Is [this person] radically different from any significant poet who, perforce, constructs
a "self who can speak" in the very process of speaking?
Akira Yamashita is a story that magically transforms our
ideas of ourselves in an online space. We are forced to question the stories we
tell about ourselves, our identities as writers and our identities as speakers
in the stories we tell. He is a mirror held up to us; if we are conscious of
absurdity in his posturing, it is a timely reminder to us to examine our
motivations and our stances online.
3. “The dreams of a few had turned to the curses of many”
The title for this section, comes
from Fritz Lang’s film, Metropolis. One scene in Metropolis has the charismatic Maria, the leader of the workers, recount the story of the
Tower of Babel. She tells the workers how the Tower was built by the slaves,
while the masters merely watched; and how it was destroyed because though they
spoke the same language, Master and Slave could not communicate with each
other, leading to a revolt and the eventual collapse of the Tower.
I
don’t want to sound a bleak note about the state of writing communities in
cyberspace, but it’s easy to see how the Babel metaphor would apply here. The
number of people talking to each other is frightening. On Caferati, at last
count, there were nearly 2,500 members. On any given day, there are at least
fifty posts to read, absorb and respond to. A writer might belong to more than
one network, in which case these figures – and noises – multiply.
Cyberspace
is addictive. It is easy, in the age of broadband, to be connected at all
times. The urge to check how your piece of writing is faring on the board is a
natural one, but in time, it changes into an obsessive need to know what people
are saying about your work.
At
what point do writers cross from being serious about the way they imagine,
construct and finish their work, to becoming feedback junkies posting half-finished
work because it is the feedback and not the quality of the work itself that matters?
At what point does a writer start writing for the audience she imagines she
has?
The
image the writer has of herself is no longer constructed from what she puts
into her work, but what image she has created in her mind of her putative
reader. She becomes what the responses to her work indicate. The more responses
her work gets, the clearer her idea of herself becomes.

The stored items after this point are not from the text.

lemma periodic_solution_real_exponent:
  assumes sol: "solves a b nu c \<epsilon> (basic_form \<sigma> \<phi> \<psi>)" and lm: "lm = lam a b \<epsilon>" and "\<sigma> \<in> \<real>"
    and "periodic2pi \<phi>" "periodic2pi \<psi>" and nontrivial: "basic_form \<sigma> \<phi> \<psi> r t \<noteq> 0" "0 < r"
  shows "periodic_solution \<sigma> (\<lambda>t. \<phi> t + cnj (\<psi> t)) (\<lambda>t. cnj (\<phi> t + cnj (\<psi> t)))"
  unfolding periodic_solution_def
proof (intro conjI allI)
  fix t
  have "((\<lambda>t. \<phi> t + cnj (\<psi> t)) has_vector_derivative
      rhs \<sigma> True (\<phi> t) (\<psi> t) t + cnj (rhs \<sigma> False (\<phi> t) (\<psi> t) t)) (at t)"
    using has_vector_derivative_basic_form[OF sol lm zero_less_one, of t] by (simp add: basic_form_eq_radial)
  moreover have "rhs \<sigma> True (\<phi> t) (\<psi> t) t + cnj (rhs \<sigma> False (\<phi> t) (\<psi> t) t)
      = rhs \<sigma> True (\<phi> t + cnj (\<psi> t)) (cnj (\<phi> t + cnj (\<psi> t))) t"
    using \<open>\<sigma> \<in> \<real>\<close> by (simp add: cnj_rhs_real) (simp add: rhs_def algebra_simps)
  ultimately show d: "((\<lambda>t. \<phi> t + cnj (\<psi> t)) has_vector_derivative
      rhs \<sigma> True (\<phi> t + cnj (\<psi> t)) (cnj (\<phi> t + cnj (\<psi> t))) t) (at t)" by simp
  show "((\<lambda>t. cnj (\<phi> t + cnj (\<psi> t))) has_vector_derivative
      rhs \<sigma> False (\<phi> t + cnj (\<psi> t)) (cnj (\<phi> t + cnj (\<psi> t))) t) (at t)"
  proof -
    have "cnj (rhs \<sigma> False (\<phi> t + cnj (\<psi> t)) (cnj (\<phi> t + cnj (\<psi> t))) t)
        = rhs \<sigma> True (\<phi> t + cnj (\<psi> t)) (cnj (\<phi> t + cnj (\<psi> t))) t"
      using cnj_rhs_real[OF \<open>\<sigma> \<in> \<real>\<close>] by simp
    then show ?thesis using has_vector_derivative_cnj[OF d] by (metis complex_cnj_cnj)
  qed
next
  show "periodic2pi (\<lambda>t. \<phi> t + cnj (\<psi> t))" "periodic2pi (\<lambda>t. cnj (\<phi> t + cnj (\<psi> t)))"
    using \<open>periodic2pi \<phi>\<close> \<open>periodic2pi \<psi>\<close> by (simp_all add: periodic2pi_def)
next
  have "basic_form \<sigma> \<phi> \<psi> r t = radial \<sigma> r * (\<phi> t + cnj (\<psi> t))"
    using \<open>0 < r\<close> cnj_radial_real[OF \<open>\<sigma> \<in> \<real>\<close>] by (simp add: basic_form_eq_radial algebra_simps)
  with nontrivial show "\<exists>t. \<phi> t + cnj (\<psi> t) \<noteq> 0 \<or> cnj (\<phi> t + cnj (\<psi> t)) \<noteq> 0" by auto
qed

She participates in the
life of the community until all her work becomes a response to a stimulus that
only the online community can provide. By turns, she is a comic writer who has
her audience in stitches; a poet; a gentle judge; and a warm presence welcoming
new writers who are unsure of themselves.
The
dream the writer originally had, of finding a community of other writers, is always
teetering on the edge of a nightmare. There are too many voices here, too many
responses and demands, and too little time. Sometimes the voices are not just
of the virtual others, but the imperatives of become subtly different persons
for each kind of interaction. Each well-defined and unique voice the writer has
created on each forum requires an effort that goes beyond the writing. For the
people who are two and three different personas, under aliases, the Babel is
not just outside, but in their own heads. If this is a web, it is a sticky one
that does not let go easily.
Any online forum that takes itself
seriously has to take into consideration the difficult question of how it is going
to strike a balance between being a place where people can, to use Ursula K Le
Guin’s term, learn to ‘steer the craft’ and a place where anyone can post the
most mediocre writing and be sure that there will always be someone who will
offer fulsome praise.
Every
writer has to decide for herself whether reaching an audience is as important
as writing well. The two are not necessarily opposites; sometimes a good
audience will insist on good writing and online forums are often good places to
hone one’s writing skills.
But
writing well requires some silence and some amount of isolation. There has to
be a point when the writer walks through some door and leaves on the other side
the chatter and the bonhomie. It doesn’t go away, this community, but its noise
is muted and perhaps even comforting. Until finally the writer is where she has
always been: in front of a page that is both mirror and canvas.